## [YOUR ASSIGNMENT]
Exactly as they appear below, repeat the lines from the one with "fix j assume" through the one with "real) \<Rightarrow> real", and no others.

## [DATA]

****

theorem AE_convergent_martingale_difference_sum:
  assumes "summable (\<lambda>k. (al k)\<^sup>2)"
  shows "AE \<omega> in M. convergent (\<lambda>m. \<Sum>k<m. al k * phi k (path \<omega>) (X k \<omega>))"
  using AE_increments_sum_small[OF assms]
proof eventually_elim
  case (elim \<omega>)
  have "convergent (\<lambda>m. \<Sum>k<m. increment k (path \<omega>))"
  proof (rule convergent_sum_if_block_sums_small)
    fix e :: real assume "0 < e"
    then obtain l where l: "inverse (real (Suc l)) < e" using reals_Archimedean by blast
    from elim obtain n where n: "\<And>j. n \<le> j \<Longrightarrow> \<bar>increments_sum n j (path \<omega>)\<bar> < inverse (real (Suc l))"
      by blast
    show "\<exists>n. \<forall>j\<ge>n. \<bar>\<Sum>k\<in>{n..<j}. increment k (path \<omega>)\<bar> < e"
    proof (intro exI[of _ n] allI impI)
      fix j assume "n \<le> j"
      then show "\<bar>\<Sum>k\<in>{n..<j}. increment k (path \<omega>)\<bar> < e"
        using n[of j] l unfolding increments_sum_def by linarith
    qed
  qed
  then show ?case by (simp add: increment_def path_def)
qed

end

end

section \<open>The AGT2-QL iteration\<close>

definition bellman_op ::
  "('s::finite \<Rightarrow> 'a::finite \<Rightarrow> 's pmf) \<Rightarrow> ('s \<Rightarrow> 'a \<Rightarrow> 's \<Rightarrow> real) \<Rightarrow> real
   \<Rightarrow> ('s \<Rightarrow> 'a \<Rightarrow> real) \<Rightarrow> 's \<Rightarrow> 'a \<Rightarrow> real" where
  "bellman_op P r g Q s a = (\<Sum>s'\<in>UNIV. pmf (P s a) s' * (r s a s' + g * (MAX a'\<in>UNIV. Q s' a')))"

lemma bellman_op_fixpoint: "bellman_opt P r g Q \<Longrightarrow> bellman_op P r g Q = Q"
  unfolding bellman_opt_def bellman_op_def by (intro ext) metis

lemma abs_Max_diff_le:
  fixes f h :: "'a::finite \<Rightarrow> real"
  assumes "\<And>x. \<bar>f x - h x\<bar> \<le> B"
  shows "\<bar>(MAX x\<in>UNIV. f x) - (MAX x\<in>UNIV. h x)\<bar> \<le> B"
proof -
  have "Max (range f) \<in> range f" "Max (range h) \<in> range h" by (intro Max_in; simp)+
  then obtain x0 x1 where x0: "(MAX x\<in>UNIV. f x) = f x0" and x1: "(MAX x\<in>UNIV. h x) = h x1" by blast
  have "h x0 \<le> h x1" "f x1 \<le> f x0" unfolding x0[symmetric] x1[symmetric] by (auto intro: Max_ge)
  with assms[of x0] assms[of x1] show ?thesis unfolding x0 x1 abs_le_iff by linarith
qed

lemma abs_Max_le: "(\<And>x. \<bar>f x\<bar> \<le> B) \<Longrightarrow> \<bar>MAX x\<in>UNIV. f (x::'a::finite)\<bar> \<le> (B::real)"
  using abs_Max_diff_le[of f "\<lambda>_. 0" B] by simp

lemma bellman_op_contraction:
  assumes "0 \<le> g" and close: "\<And>s' a'. \<bar>Q s' a' - Q' s' a'\<bar> \<le> B"
  shows "\<bar>bellman_op P r g Q s a - bellman_op P r g Q' s a\<bar> \<le> g * B"
proof -
  have "\<bar>bellman_op P r g Q s a - bellman_op P r g Q' s a\<bar>
      = \<bar>\<Sum>s'\<in>UNIV. pmf (P s a) s' * (g * ((MAX a'\<in>UNIV. Q s' a') - (MAX a'\<in>UNIV. Q' s' a')))\<bar>"
    unfolding bellman_op_def sum_subtractf[symmetric] by (simp add: algebra_simps)
  also have "\<dots> \<le> (\<Sum>s'\<in>UNIV. pmf (P s a) s' * (g * B))"
  proof (intro order.trans[OF sum_abs] sum_mono)
    fix s'
    have "\<bar>(MAX a'\<in>UNIV. Q s' a') - (MAX a'\<in>UNIV. Q' s' a')\<bar> \<le> B"
      by (rule abs_Max_diff_le) (rule close)
    then show "\<bar>pmf (P s a) s' * (g * ((MAX a'\<in>UNIV. Q s' a') - (MAX a'\<in>UNIV. Q' s' a')))\<bar>
        \<le> pmf (P s a) s' * (g * B)"
      using \<open>0 \<le> g\<close> by (simp add: abs_mult mult_left_mono)
  qed
  also have "\<dots> = g * B" by (simp add: sum_distrib_right[symmetric] sum_pmf_eq_1)
  finally show ?thesis .
qed

lemma pmf_sample_pmf: "pmf (sample_pmf p b P) (s, a, s') = pmf p s * pmf (b s) a * pmf (P s a) s'"
proof -
  have point: "measure_pmf.expectation N (\<lambda>y. if y = z then c else 0) = pmf N z * c" for N z and c :: real
    by (subst integral_measure_pmf[of "{z}"]) (auto split: if_splits)
  have last: "measure_pmf.expectation (P x y) (\<lambda>x'. indicator {(s, a, s')} (x, y, x'))
      = (if x = s \<and> y = a then pmf (P s a) s' else 0)" for x y
  proof (cases "x = s \<and> y = a")
    case True
    then have "(\<lambda>x'. indicator {(s, a, s')} (x, y, x') :: real) = (\<lambda>x'. if x' = s' then 1 else 0)"
      by (auto simp: indicator_def)
    then show ?thesis using True point[of "P s a" s' 1] by simp
  next
    case False
    then have "(\<lambda>x'. indicator {(s, a, s')} (x, y, x') :: real) = (\<lambda>_. 0)"
      by (auto simp: indicator_def)
    then show ?thesis using False by auto
  qed
  have middle: "measure_pmf.expectation (b x) (\<lambda>y. if x = s \<and> y = a then c else 0)
      = (if x = s then pmf (b s) a * c else 0)" for x and c :: real
    using point[of "b s" a c] by auto
  show ?thesis by (simp add: sample_pmf_def pmf_bind last middle point)
qed

lemma sum_sample_pmf_visit:
  fixes p :: "'s::finite pmf" and b :: "'s \<Rightarrow> 'a::finite pmf" and f :: "'s \<Rightarrow> real"
  shows "(\<Sum>z\<in>UNIV. pmf (sample_pmf p b P) z * (if fst z = s \<and> fst (snd z) = a then f (snd (snd z)) else 0))
    = pmf p s * pmf (b s) a * (\<Sum>s'\<in>UNIV. pmf (P s a) s' * f s')"
proof -
  have "(\<Sum>z\<in>UNIV. pmf (sample_pmf p b P) z * (if fst z = s \<and> fst (snd z) = a then f (snd (snd z)) else 0))
      = (\<Sum>z\<in>(\<lambda>s'. (s, a, s')) ` UNIV. pmf (sample_pmf p b P) z * f (snd (snd z)))"
  proof (rule sum.mono_neutral_cong_right)
    show "(\<lambda>s'. (s, a, s')) ` UNIV \<subseteq> UNIV" by simp
  qed auto
  also have "\<dots> = (\<Sum>s'\<in>UNIV. pmf (sample_pmf p b P) (s, a, s') * f s')"
    by (subst sum.reindex) (auto simp: inj_on_def)
  also have "\<dots> = pmf p s * pmf (b s) a * (\<Sum>s'\<in>UNIV. pmf (P s a) s' * f s')"
    by (simp add: pmf_sample_pmf sum_distrib_left mult_ac)
  finally show ?thesis .
qed


lemma abs_convex_comb_bounded:
  fixes \<alpha> u v M :: real
  assumes "0 \<le> \<alpha>" "\<alpha> \<le> 1" "\<bar>u\<bar> \<le> M" "\<bar>v\<bar> \<le> M"
  shows "\<bar>(1 - \<alpha>) * u + \<alpha> * v\<bar> \<le> M"
proof -
  have "(1 - \<alpha>) * \<bar>u\<bar> + \<alpha> * \<bar>v\<bar> \<le> (1 - \<alpha>) * M + \<alpha> * M"
    using assms by (intro add_mono mult_left_mono) auto
  then show ?thesis using abs_convex_comb_le[OF assms(1,2), of u v] by (simp add: algebra_simps)
qed

locale agt2_ql =
  fixes P :: "'s::finite \<Rightarrow> 'a::finite \<Rightarrow> 's pmf" and r :: "'s \<Rightarrow> 'a \<Rightarrow> 's \<Rightarrow> real" and g be :: real
    and al :: "nat \<Rightarrow> real" and QA0 QB0 :: "'s \<Rightarrow> 'a \<Rightarrow> real" and p :: "'s pmf" and b :: "'s \<Rightarrow> 'a pmf"
  assumes g_nonneg: "0 \<le> g" and g_less_1: "g < 1" and be_pos: "0 < be"
    and al_nonneg: "\<And>k. 0 \<le> al k" and al_le_1: "\<And>k. al k \<le> 1"
begin

definition qA :: "nat \<Rightarrow> (nat \<Rightarrow> 's \<times> 'a \<times> 's) \<Rightarrow> 's \<Rightarrow> 'a \<Rightarrow> real" where
  "qA k xs = fst (agt2_iter r g be al QA0 QB0 xs k)"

****

## [WRITTEN RESPONSE]
      fix j assume "n \<le> j"
      then show "\<bar>\<Sum>k\<in>{n..<j}. increment k (path \<omega>)\<bar> < e"
        using n[of j] l unfolding increments_sum_def by linarith
    qed
  qed
  then show ?case by (simp add: increment_def path_def)
qed

end

end

section \<open>The AGT2-QL iteration\<close>

definition bellman_op ::
  "('s::finite \<Rightarrow> 'a::finite \<Rightarrow> 's pmf) \<Rightarrow> ('s \<Rightarrow> 'a \<Rightarrow> 's \<Rightarrow> real) \<Rightarrow> real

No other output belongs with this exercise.